Importing Data to OpenRefine

Last updated on 2023-05-09 | Edit this page

Estimated time 10 minutes

Overview

Questions

  • How can we import our data into OpenRefine?

Objectives

  • Create a new OpenRefine project from a CSV file

Importing data


What kinds of data files can I import?

There are several options for getting your data set into OpenRefine. You can import files in a variety of formats including:

  • Comma-separated values (CSV) or tab-separated values (TSV)
  • Text files
  • Fixed-width columns
  • JSON
  • XML
  • OpenDocument spreadsheet (ODS)
  • Excel spreadsheet (XLS or XLSX)
  • RDF data (JSON-LD, N3, N-Triples, Turtle, RDF/XML)
  • Wikitext

See the Create a project by importing data page in the OpenRefine manual for more information.

Create your first OpenRefine project (using provided data)


Start OpenRefine, which will open in your browser (at the address http://127.0.0.0:3333). Once OpenRefine is launched in your browser, the left margin has options to:

  • Create Project
  • Open Project
  • Import Project
  • Language Settings
  1. Click Create Project from the left margin and select then This Computer (because you’re uploading data from your computer).

  2. Click Choose Files and browse to where you stored the file Portal_rodents_19772002_simplified.csv.
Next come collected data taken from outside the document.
(* There exists $k_0$ such that for all integers $k\ge k_0$, all positive integers $N\ge k4^k$, all $\delta\in(0,2^{-k}/20]$ and all $x\in\left[4^{k^2},N^k/(k-1)!\right]$, \[ \#\mathcal{S}_1(N,\delta,x)\ge\frac{x^{1/k}}{200}. \]
   Context: For $y\in\mathbb{R}$, $\|y\|$ denotes the distance from $y$ to the nearest integer. For a positive integer $N$ and real $\delta,x\ge0$, $\mathcal{S}_1(N,\delta,x):=\{n\in\{1,\dots,N\} : \|x/n\|\ge\delta\}$. *)

theory Defs
  imports "HOL-Analysis.Analysis"
begin

definition dist_nearest_int :: "real \<Rightarrow> real" where
  "dist_nearest_int y = \<bar>y - of_int (round y)\<bar>"

definition S1 :: "nat \<Rightarrow> real \<Rightarrow> real \<Rightarrow> nat set" where
  "S1 N \<delta> x = {n \<in> {1..N}. dist_nearest_int (x / real n) \<ge> \<delta>}"

end

theory Submission
  imports Defs
begin

text \<open>Put y = ((k-1)! x)^(1/k). For y/2 \<le> n \<le> y - k, the (k-1)-st finite difference of
  j \<mapsto> x/j at n is g(n) = (k-1)! x / (n (n+1) ... (n+k-1)), a number in [1, 2^k]. If none of
  n, ..., n+k-1 belonged to S1, this difference would lie within 2^(k-1) \<delta> \<le> 1/40 of an integer;
  so every n with ||g(n)|| \<ge> 1/20 has an element of S1 in its window of length k, and these n
  number at most k #S1. The other n have g(n) within 1/20 of some m \<in> {1..2^k}; since g decreases
  at relative rate at least k/y, each m accounts for at most y/(5km) + 1 of them, and summing the
  harmonic series bounds their number by about y/5 + 2^k. Hence k #S1 \<ge> y/4, and
  ((k-1)!)^(1/k) \<ge> k/6 turns this into the claim.\<close>

lemma dist_nearest_int_le:
  assumes "z \<in> \<int>"
  shows "dist_nearest_int t \<le> \<bar>t - z\<bar>"
proof -
  obtain m where "z = of_int m" using assms Ints_cases by blast
  then show ?thesis unfolding dist_nearest_int_def using round_diff_minimal by simp
qed

fun fin_diff :: "nat \<Rightarrow> (nat \<Rightarrow> real) \<Rightarrow> nat \<Rightarrow> real" where
  "fin_diff 0 f n = f n"
| "fin_diff (Suc m) f n = fin_diff m f n - fin_diff m f (Suc n)"

lemma fin_diff_add: "fin_diff m (\<lambda>j. f j + h j) n = fin_diff m f n + fin_diff m h n"
  by (induction m arbitrary: n) auto

lemma fin_diff_Ints: "(\<And>j. f j \<in> \<int>) \<Longrightarrow> fin_diff m f n \<in> \<int>"
  by (induction m arbitrary: n) auto

lemma abs_fin_diff_le:
  assumes "\<And>j. n \<le> j \<Longrightarrow> j \<le> n + m \<Longrightarrow> \<bar>f j\<bar> \<le> B"
  shows "\<bar>fin_diff m f n\<bar> \<le> 2 ^ m * B"
  using assms
proof (induction m arbitrary: n)
  case (Suc m)
  have "\<bar>fin_diff m f n\<bar> \<le> 2 ^ m * B" "\<bar>fin_diff m f (Suc n)\<bar> \<le> 2 ^ m * B"
    using Suc.IH[of n] Suc.IH[of "Suc n"] Suc.prems by auto
  then show ?case by simp
qed simp

lemma dist_nearest_int_fin_diff_le:
  assumes "\<And>j. n \<le> j \<Longrightarrow> j \<le> n + m \<Longrightarrow> dist_nearest_int (f j) \<le> \<epsilon>"
  shows "dist_nearest_int (fin_diff m f n) \<le> 2 ^ m * \<epsilon>"
proof -
  define r where "r j = real_of_int (round (f j))" for j
  have split: "fin_diff m f n = fin_diff m r n + fin_diff m (\<lambda>j. f j - r j) n"
    using fin_diff_add[of m r "\<lambda>j. f j - r j" n] by simp
  have "fin_diff m r n \<in> \<int>"
    by (rule fin_diff_Ints) (simp add: r_def)
  then have "dist_nearest_int (fin_diff m f n) \<le> \<bar>fin_diff m f n - fin_diff m r n\<bar>"
    by (rule dist_nearest_int_le)
  also have "\<dots> = \<bar>fin_diff m (\<lambda>j. f j - r j) n\<bar>"
    using split by simp
  also have "\<dots> \<le> 2 ^ m * \<epsilon>"
    using assms by (intro abs_fin_diff_le) (simp add: r_def dist_nearest_int_def)
  finally show ?thesis .
qed

lemma fin_diff_reciprocal:
  assumes "1 \<le> n"
  shows "fin_diff m (\<lambda>j. x / real j) n = fact m * x / pochhammer (real n) (Suc m)"
  using assms
proof (induction m arbitrary: n)
  case (Suc m)
  define A where "A = pochhammer (real n) (Suc m)"
  define B where "B = pochhammer (real (Suc n)) (Suc m)"
  have "real n > 0"
    using Suc.prems by simp
  have AB: "A * (real n + real (Suc m)) = real n * B"
    unfolding A_def B_def by (metis pochhammer_Suc pochhammer_rec of_nat_Suc add.commute)
  have "fin_diff (Suc m) (\<lambda>j. x / real j) n = fact m * x / A - fact m * x / B"
    using Suc by (simp add: A_def B_def)
  also have "\<dots> = fact m * x * (real n + real (Suc m)) / (real n * B) - fact m * x * real n / (real n * B)"
  proof -
    have "fact m * x / A = fact m * x * (real n + real (Suc m)) / (real n * B)"
      by (simp flip: AB)
    moreover have "fact m * x / B = fact m * x * real n / (real n * B)"
      using \<open>real n > 0\<close> by simp
    ultimately show ?thesis by simp
  qed
  also have "\<dots> = fact (Suc m) * x / (real n * B)"
    unfolding diff_divide_distrib[symmetric] by (simp add: algebra_simps)
  also have "real n * B = pochhammer (real n) (Suc (Suc m))"
    unfolding B_def by (simp add: pochhammer_rec add.commute)
  finally show ?case .
qed simp

lemma card_le_of_gaps_less:
  fixes S :: "nat set"
  assumes "finite S" "0 \<le> L" and gaps: "\<And>u v. u \<in> S \<Longrightarrow> v \<in> S \<Longrightarrow> u < v \<Longrightarrow> real (v - u) < L"
  shows "real (card S) \<le> L + 1"
proof (cases "S = {}")
  case False
  define s where "s = Min S"
  have "s \<in> S" "\<And>v. v \<in> S \<Longrightarrow> s \<le> v"
    using False \<open>finite S\<close> by (simp_all add: s_def)
  then have "v - s \<le> nat \<lfloor>L\<rfloor>" if "v \<in> S" for v
    using gaps[of s v] that by (cases "s < v") (auto simp: le_nat_floor)
  then have "S \<subseteq> {s..s + nat \<lfloor>L\<rfloor>}"
    using \<open>\<And>v. v \<in> S \<Longrightarrow> s \<le> v\<close> by fastforce
  then have "card S \<le> nat \<lfloor>L\<rfloor> + 1"
    using card_mono[of "{s..s + nat \<lfloor>L\<rfloor>}" S] by simp
  then show ?thesis using \<open>0 \<le> L\<close> by linarith
qed (use \<open>0 \<le> L\<close> in simp)

lemma card_le_mult_card_if_hits_windows:
  fixes S U :: "nat set"
  assumes "finite S" and hit: "\<And>n. n \<in> U \<Longrightarrow> \<exists>j\<in>S. n \<le> j \<and> j < n + k"
  shows "card U \<le> k * card S"
proof -
  have "U \<subseteq> (\<Union>j\<in>S. {Suc j - k..j})"
    using hit by fastforce
  then have "card U \<le> card (\<Union>j\<in>S. {Suc j - k..j})"
    using \<open>finite S\<close> by (intro card_mono) auto
  also have "\<dots> \<le> (\<Sum>j\<in>S. card {Suc j - k..j})"
    by (rule card_UN_le[OF \<open>finite S\<close>])
  also have "\<dots> \<le> (\<Sum>j\<in>S. k)"
    by (intro sum_mono) auto
  finally show ?thesis by (simp add: mult.commute)
qed

lemma harm_le_one_plus_ln: "1 \<le> n \<Longrightarrow> harm n \<le> 1 + ln (real n)"
  using euler_mascheroni_sequence_decreasing[of 1 n] by (simp add: harm_def)

lemma card_near_value_le:
  fixes g :: "nat \<Rightarrow> real"
  assumes "finite R" "0 < c" "0 < \<epsilon>" "\<epsilon> \<le> 1/2" "1 \<le> m"
    and decay: "\<And>u v. u \<in> R \<Longrightarrow> v \<in> R \<Longrightarrow> u < v \<Longrightarrow> c * real (v - u) * g v \<le> g u - g v"
  shows "real (card {n\<in>R. \<bar>g n - m\<bar> < \<epsilon>}) \<le> 4 * \<epsilon> / (c * m) + 1"
proof (rule card_le_of_gaps_less)
  show "finite {n\<in>R. \<bar>g n - m\<bar> < \<epsilon>}" "0 \<le> 4 * \<epsilon> / (c * m)"
    using assms by auto
next
  fix u v assume u: "u \<in> {n\<in>R. \<bar>g n - m\<bar> < \<epsilon>}" and v: "v \<in> {n\<in>R. \<bar>g n - m\<bar> < \<epsilon>}"
    and "u < v"
  have "m / 2 \<le> g v"
    using v assms by auto
  then have "c * real (v - u) * (m / 2) \<le> c * real (v - u) * g v"
    using \<open>0 < c\<close> by (intro mult_left_mono) auto
  also have "\<dots> \<le> g u - g v"
    using u v \<open>u < v\<close> by (intro decay) auto
  also have "\<dots> < 2 * \<epsilon>"
    using u v by auto
  finally show "real (v - u) < 4 * \<epsilon> / (c * m)"
    using assms by (simp add: field_simps)
qed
Select the file and click Open, or just double-click on the filename.

Menu to create a new project
  1. Click Next>> under the browse button to upload the data into OpenRefine.

  2. On the next screen, OpenRefine will present you with a preview of your data. You can check here for obvious errors, if, for example, your file was tab-delimited rather than comma-delimited, the preview would look strange (and you could correct it by choosing the correct separator and clicking the Update Preview button on the right. If you selected the wrong file, click <<Start Over at the top left.

  3. In the middle of the page, will be a set of options (Character encoding, etc.). Make sure the tick box next to Trim leading & trailing whitespace from strings is not ticked. (We’re going to need the leading whitespace in one of our examples.)

Menu to import data
  1. If all looks well, click Create Project>> in the top right. You will be presented with a view onto your data. This is OpenRefine!

The columns are all imported as text, even the columns with numbers. We will see how to format the numeric columns in the next episode.

OpenRefine does not modify your original dataset

Once your data is imported into a project - OpenRefine leaves your raw data intact and works on a copy which it creates inside the newly created project. All the data transformation and cleaning steps you apply will be performed on this copy and you can easily undo any changes too.

Keypoints

  • Use the Create Project option to import data
  • You can control how data imports using options on the import screen
  • Several files types may be imported into OpenRefine